In fact, the file is GBK, and some files are utf8, and then when you think about it through the scripting language,

1. File coding problems, judging by search

Judge file first 3 bytes is not EF BB BF, but this is only for the UTF8 format with BOM

For UTF8 format without BOM, it is necessary to judge the byte signature (difficulty, limited energy, use the above scheme, for no BOM situation, Carry on manual investigation).

2. Because the quick multithreading is easy to program, it is always thought that multithreading is better than single-threaded efficiency. The actual situation is not the same as thinking, single-threaded faster than multithreading. It seems the main bottleneck is still on the read and write file IO.
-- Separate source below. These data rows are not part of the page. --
lemma sum_eq_card_below_above_one:
  fixes f :: "'a \<Rightarrow> real"
  assumes "finite A" "sum f A = real (card A)" "x \<in> A" "f x \<noteq> 1"
  obtains y z where "y \<in> A" "f y < 1" "z \<in> A" "1 < f z"
proof -
  have "\<exists>y\<in>A. f y < 1"
  proof (rule ccontr)
    assume "\<not> ?thesis"
    then have "sum (\<lambda>_. 1) A < sum f A"
      using assms by (intro sum_strict_mono_ex1) (auto simp: not_less order_le_less)
    then show False using assms(2) by simp
  qed
  moreover have "\<exists>z\<in>A. 1 < f z"
  proof (rule ccontr)
    assume "\<not> ?thesis"
    then have "sum f A < sum (\<lambda>_. 1) A"
      using assms by (intro sum_strict_mono_ex1) (auto simp: not_less order_le_less)
    then show False using assms(2) by simp
  qed
  ultimately show thesis using that by blast
qed

lemma rotate_columns_fix_defective_column:
  fixes F :: "nat \<Rightarrow> nat \<Rightarrow> real"
  assumes trace: "(\<Sum>j<m. \<Sum>a<n. F a j ^ 2) = real m"
    and defect: "j0 < m" "(\<Sum>a<n. F a j0 ^ 2) \<noteq> 1"
  obtains j1 j2 t where "j1 < m" "j2 < m" "j1 \<noteq> j2"
    and "{j. j < m \<and> (\<Sum>a<n. rotate_columns j1 j2 t F a j ^ 2) \<noteq> 1}
           \<subset> {j. j < m \<and> (\<Sum>a<n. F a j ^ 2) \<noteq> 1}"
proof -
  define N where "N j = (\<Sum>a<n. F a j ^ 2)" for j
  obtain j1 j2 where j1: "j1 < m" "N j1 < 1" and j2: "j2 < m" "1 < N j2"
    using sum_eq_card_below_above_one[of "{..<m}" N] trace defect by (auto simp: N_def)
  then obtain t where t: "(\<Sum>a<n. rotate_columns j1 j2 t F a j1 ^ 2) = 1"
    using rotate_columns_unit_column[where n=n and F=F and ?j1.0=j1 and ?j2.0=j2] by (auto simp: N_def)
  have "{j. j < m \<and> (\<Sum>a<n. rotate_columns j1 j2 t F a j ^ 2) \<noteq> 1}
      \<subseteq> {j. j < m \<and> N j \<noteq> 1} - {j1}"
  proof
    fix j assume j: "j \<in> {j. j < m \<and> (\<Sum>a<n. rotate_columns j1 j2 t F a j ^ 2) \<noteq> 1}"
    then have "j \<noteq> j1" using t by auto
    moreover have "N j \<noteq> 1"
      using j j2 \<open>j \<noteq> j1\<close> by (cases "j = j2") (auto simp: N_def rotate_columns_def)
    ultimately show "j \<in> {j. j < m \<and> N j \<noteq> 1} - {j1}" using j by blast
  qed
  then show thesis using that[OF j1(1) j2(1)] j1 j2 by (force simp: N_def)
qed

lemma unit_norm_frame_exists:
  fixes r :: "nat \<Rightarrow> real"
  assumes r: "\<And>a. a < n \<Longrightarrow> r a \<ge> 0" and r_sum: "(\<Sum>a<n. r a) = real m" and "n \<le> m"
  obtains F :: "nat \<Rightarrow> nat \<Rightarrow> real" where "\<And>j. j < m \<Longrightarrow> (\<Sum>a<n. F a j ^ 2) = 1"
    and "\<And>a b. a < n \<Longrightarrow> b < n \<Longrightarrow> (\<Sum>j<m. F a j * F b j) = (if a = b then r a else 0)"
proof -
  define gram :: "(nat \<Rightarrow> nat \<Rightarrow> real) \<Rightarrow> bool" where
    "gram F \<longleftrightarrow> (\<forall>a<n. \<forall>b<n. (\<Sum>j<m. F a j * F b j) = (if a = b then r a else 0))" for F
  define bad where "bad F = {j. j < m \<and> (\<Sum>a<n. F a j ^ 2) \<noteq> 1}" for F :: "nat \<Rightarrow> nat \<Rightarrow> real"
  have "\<exists>F'. gram F' \<and> bad F' = {}" if "gram F" for F
    using that
  proof (induction "card (bad F)" arbitrary: F rule: less_induct)
    case less
    show ?case
    proof (cases "bad F = {}")
      case False
      have "(\<Sum>j<m. \<Sum>a<n. F a j ^ 2) = (\<Sum>a<n. \<Sum>j<m. F a j * F a j)"
        by (subst sum.swap) (simp add: power2_eq_square)
      also have "\<dots> = real m" using less.prems r_sum by (simp add: gram_def)
      finally obtain j1 j2 t where "j1 < m" "j2 < m" "j1 \<noteq> j2" and "bad (rotate_columns j1 j2 t F) \<subset> bad F"
        using False rotate_columns_fix_defective_column[where F=F and m=m and n=n] unfolding bad_def by blast
      moreover from this have "gram (rotate_columns j1 j2 t F)"
        using less.prems rotate_columns_row_inner by (simp add: gram_def)
      ultimately show ?thesis
        using less.hyps[of "rotate_columns j1 j2 t F"] by (simp add: psubset_card_mono bad_def)
    qed (use less.prems in blast)
  qed
  moreover have "gram (\<lambda>a j. if a = j then sqrt (r a) else 0)"
    using r \<open>n \<le> m\<close> by (auto simp: gram_def if_distrib[of "\<lambda>x. x * _"] sum.delta cong: if_cong)
  ultimately obtain F where F: "gram F" "bad F = {}" by blast
  show thesis
  proof (rule that)
    show "(\<Sum>a<n. F a j ^ 2) = 1" if "j < m" for j using F(2) that by (auto simp: bad_def)
    show "(\<Sum>j<m. F a j * F b j) = (if a = b then r a else 0)" if "a < n" "b < n" for a b
      using F(1) that by (simp add: gram_def)
  qed
qed

lemma sum_frame_expansion:
  fixes T S R :: "nat \<Rightarrow> 'a::real_vector \<Rightarrow> 'a"
  assumes T: "\<And>a. a < n \<Longrightarrow> linear (T a)" and TS: "\<And>a y. a < n \<Longrightarrow> T a (S a y) = R a y"
    and F: "\<And>a b. a < n \<Longrightarrow> b < n \<Longrightarrow> (\<Sum>j<m. F a j * F b j) = (if a = b then r a else 0)"
  shows "(\<Sum>j<m. \<Sum>a<n. F a j *\<^sub>R T a (\<Sum>b<n. F b j *\<^sub>R S b x)) = (\<Sum>a<n. r a *\<^sub>R R a x)"
proof -
  have "(\<Sum>j<m. \<Sum>a<n. F a j *\<^sub>R T a (\<Sum>b<n. F b j *\<^sub>R S b x))
      = (\<Sum>j<m. \<Sum>a<n. \<Sum>b<n. (F a j * F b j) *\<^sub>R T a (S b x))"
    using T by (simp add: linear_sum linear_scale scaleR_sum_right)
  also have "\<dots> = (\<Sum>a<n. \<Sum>b<n. (\<Sum>j<m. F a j * F b j) *\<^sub>R T a (S b x))"
    by (simp add: sum.swap[of _ "{..<m}"] scaleR_sum_left)
  also have "\<dots> = (\<Sum>a<n. r a *\<^sub>R R a x)"
    using F TS by (simp add: if_distrib[of "\<lambda>s. s *\<^sub>R _"] sum.delta cong: if_cong)
  finally show ?thesis .
qed

theorem lemma7:
  fixes J :: "'a::{real_inner, complete_space} \<Rightarrow> 'a"
    and P :: "nat \<Rightarrow> 'a \<Rightarrow> 'a"
    and rr :: "nat \<Rightarrow> real"
    and n m :: nat
  assumes field: "scalar_structure J"
    and proj: "\<And>i. i < n \<Longrightarrow> sa_projection J (P i)"
    and orth: "\<And>i j x. i < n \<Longrightarrow> j < n \<Longrightarrow> i \<noteq> j \<Longrightarrow> P i (P j x) = 0"
    and nonzero: "\<And>i. i < n \<Longrightarrow> range (P i) \<noteq> {0}"
    and rank: "\<And>i. i < n \<Longrightarrow> same_rank J (P i) (P 0)"
    and nonneg: "\<And>i. i < n \<Longrightarrow> rr i \<ge> 0"
    and rsum: "(\<Sum>i<n. rr i) = real m"
    and mn: "m \<ge> n"
  shows "\<exists>Q :: nat \<Rightarrow> 'a \<Rightarrow> 'a.
           (\<forall>j<m. sa_projection J (Q j) \<and> same_rank J (Q j) (P 0))
           \<and> (\<forall>x. (\<Sum>i<n. rr i *\<^sub>R P i x) = (\<Sum>j<m. Q j x))"
proof (cases "n = 0")
  case True
  then show ?thesis using rsum by simp
next
  case False
  have P0: "sa_projection J (P 0)" using proj False by simp
  obtain B0 where B0: "orthonormal_basis_of J B0 (range (P 0))"
    using rank[of 0] False by (auto simp: same_rank_def)
  obtain T S where TS: "\<And>a. a < n \<Longrightarrow> partial_isometry J (P 0) (P a) (T a) (S a)"
    using same_rank_partial_isometries[where n=n and R=P, OF field P0 proj rank] by blast
  obtain F where F_col: "\<And>j. j < m \<Longrightarrow> (\<Sum>a<n. F a j ^ 2) = 1"
    and F_row: "\<And>a b. a < n \<Longrightarrow> b < n \<Longrightarrow> (\<Sum>j<m. F a j * F b j) = (if a = b then rr a else 0)"
    using unit_norm_frame_exists[OF nonneg rsum mn] by blast
  define Q where "Q j = (\<lambda>x. \<Sum>a<n. F a j *\<^sub>R T a (\<Sum>b<n. F b j *\<^sub>R S b x))" for j
  have "sa_projection J (Q j) \<and> same_rank J (Q j) (P 0)" if "j < m" for j
  proof -
    note Q_j = partial_isometry_combination[where P=P and T=T and S=S and c="\<lambda>a. F a j",
        OF scalar_structure_bounded_linear[OF field, THEN bounded_linear.linear]
          P0 proj orth TS F_col[OF that], folded Q_def]
    show ?thesis using Q_j partial_isometry_same_rank[OF P0 Q_j B0] by simp
  qed
  moreover have "(\<Sum>i<n. rr i *\<^sub>R P i x) = (\<Sum>j<m. Q j x)" for x
    unfolding Q_def using sum_frame_expansion[where T=T and S=S and R=P, OF _ _ F_row] TS
    by (simp add: partial_isometry_def bounded_linear.linear)
  ultimately show ?thesis by blast
qed

end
The above mentioned is the entire content of this article, I hope you can enjoy.

Contact Us

The content source of this page is from Internet, which doesn't represent Alibaba Cloud's opinion; products and services mentioned on that page don't have any relationship with Alibaba Cloud. If the content of the page makes you feel confusing, please write us an email, we will handle the problem within 5 days after receiving your email.

If you find any instances of plagiarism from the community, please send an email to: info-contact@alibabacloud.com and provide relevant evidence. A staff member will contact you within 5 working days.

A Free Trial That Lets You Build Big!

Start building with 50+ products and up to 12 months usage for Elastic Compute Service

  • Sales Support

    1 on 1 presale consultation

  • After-Sales Support

    24/7 Technical Support 6 Free Tickets per Quarter Faster Response

  • Alibaba Cloud offers highly flexible support services tailored to meet your exact needs.